First download the mongo-hadoop Adapter
Git clone https://github.com/mongodb/mongo-hadoop.git
Git checkout release-1.0
Go to the mongo-hadoop directory and find build. SBT to change hadooprelease in thisbuild to the following:
Hadooprelease in thisbuild: = "0.20"
Then run./SBT package (about SBT https://github.com/harrah/xsbt/wiki)
During operation, you need to roll over the wall.
After the running is complete, a jar file mongo-hadoop-core_0.20.205.0-1.0.1.jar is generated under the core/target directory, and then the MongoDB driver package is downloaded.

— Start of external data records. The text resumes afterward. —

text \<open>The process \<xi> = (\<xi>_0,...,\<xi>_T) is a random list
  of length T+1 distributed according to the pmf p; \<xi>_t = xs ! t and
  \<xi>_{0:t} = take (Suc t) xs.  A matrix-valued function of \<xi>_{0:t} is a
  function \<Phi> t applied to the prefix take (Suc t) xs.\<close>
definition stoch_stable ::
  "'x list pmf \<Rightarrow> nat \<Rightarrow> (nat \<Rightarrow> 'x list \<Rightarrow> real^'n^'n) \<Rightarrow> real \<Rightarrow> real \<Rightarrow> bool" where
  "stoch_stable p T Phi L \<alpha> \<longleftrightarrow>
     (\<forall>t1 t2. t1 < t2 \<and> t2 \<le> T \<longrightarrow>
        (AE xs in measure_pmf p.
           opnorm (mprod (\<lambda>k. Phi k (take (Suc k) xs)) t1 t2) \<le> L * \<alpha> ^ (t2 - t1)))"

definition stoch_stabilizable ::
  "'x list pmf \<Rightarrow> nat \<Rightarrow> ('x \<Rightarrow> real^'n^'n) \<Rightarrow> ('x \<Rightarrow> real^'m^'n) \<Rightarrow> real \<Rightarrow> real \<Rightarrow> bool" where
  "stoch_stabilizable p T A B L \<alpha> \<longleftrightarrow>
     (\<exists>K :: nat \<Rightarrow> 'x list \<Rightarrow> real^'n^'m.
        (\<forall>t. t \<le> T - 1 \<longrightarrow> (AE xs in measure_pmf p. opnorm (K t (take (Suc t) xs)) \<le> L)) \<and>
        stoch_stable p T (\<lambda>t ys. A (ys ! t) - B (ys ! t) ** K (t - 1) (take t ys)) L \<alpha>)"

definition stoch_detectable ::
  "'x list pmf \<Rightarrow> nat \<Rightarrow> ('x \<Rightarrow> real^'n^'n) \<Rightarrow> ('x \<Rightarrow> real^'n^'p) \<Rightarrow> real \<Rightarrow> real \<Rightarrow> bool" where
  "stoch_detectable p T A C L \<alpha> \<longleftrightarrow>
     (\<exists>K :: nat \<Rightarrow> 'x list \<Rightarrow> real^'p^'n.
        (\<forall>t. 1 \<le> t \<and> t \<le> T \<longrightarrow> (AE xs in measure_pmf p. opnorm (K t (take (Suc t) xs)) \<le> L)) \<and>
        stoch_stable p T (\<lambda>t ys. A (ys ! t) - K t ys ** C (ys ! (t - 1))) L \<alpha>)"

end

theory Submission
  imports Defs
begin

After downloading the wget -- no-check-certificate https://github.com/downloads/mongodb/mongo-java-driver/mongo-2.7.3.jar, you can start developing the mongo-hadoop program.
Run the built-in example: first import the data to MongoDB. The command is as follows.
./sbt load-sample-data
Then, create a new project, such as Treasury, and copy the source files and resource files in mongo-hadoop/example/treasury_field to the new project.
:
Then modify the MongoDB URL in the mongo-treasury_yield.xml file and store the collection
<Property>
<! -- If you are reading from mongo, the URI -->
<Name> mongo. input. uri </name>
<Value> mongodb: // 127.0.0.1/mongo_hadoop.yield_historical.in </value>
</Property>
<Property>
<! -- If you are writing to mongo, the URI -->
<Name> mongo. output. uri </name>
<Value> mongodb: // 127.0.0.1/mongo_hadoop.yield_historical.out </value>
</Property>
Modify TreasuryYieldXMLConfig. java as follows:
Configuration. addDefaultResource ("resources/mongo-treasury_yield.xml ");
Configuration. addDefaultResource ("resources/mongo-defaults.xml ");
And then package the project into a jar file.
Run hadoop jar treasury. jar com. mongodb. hadoop. treasury. TreasuryXMLConfig to run the hadoop program. The running result is data in mongodb.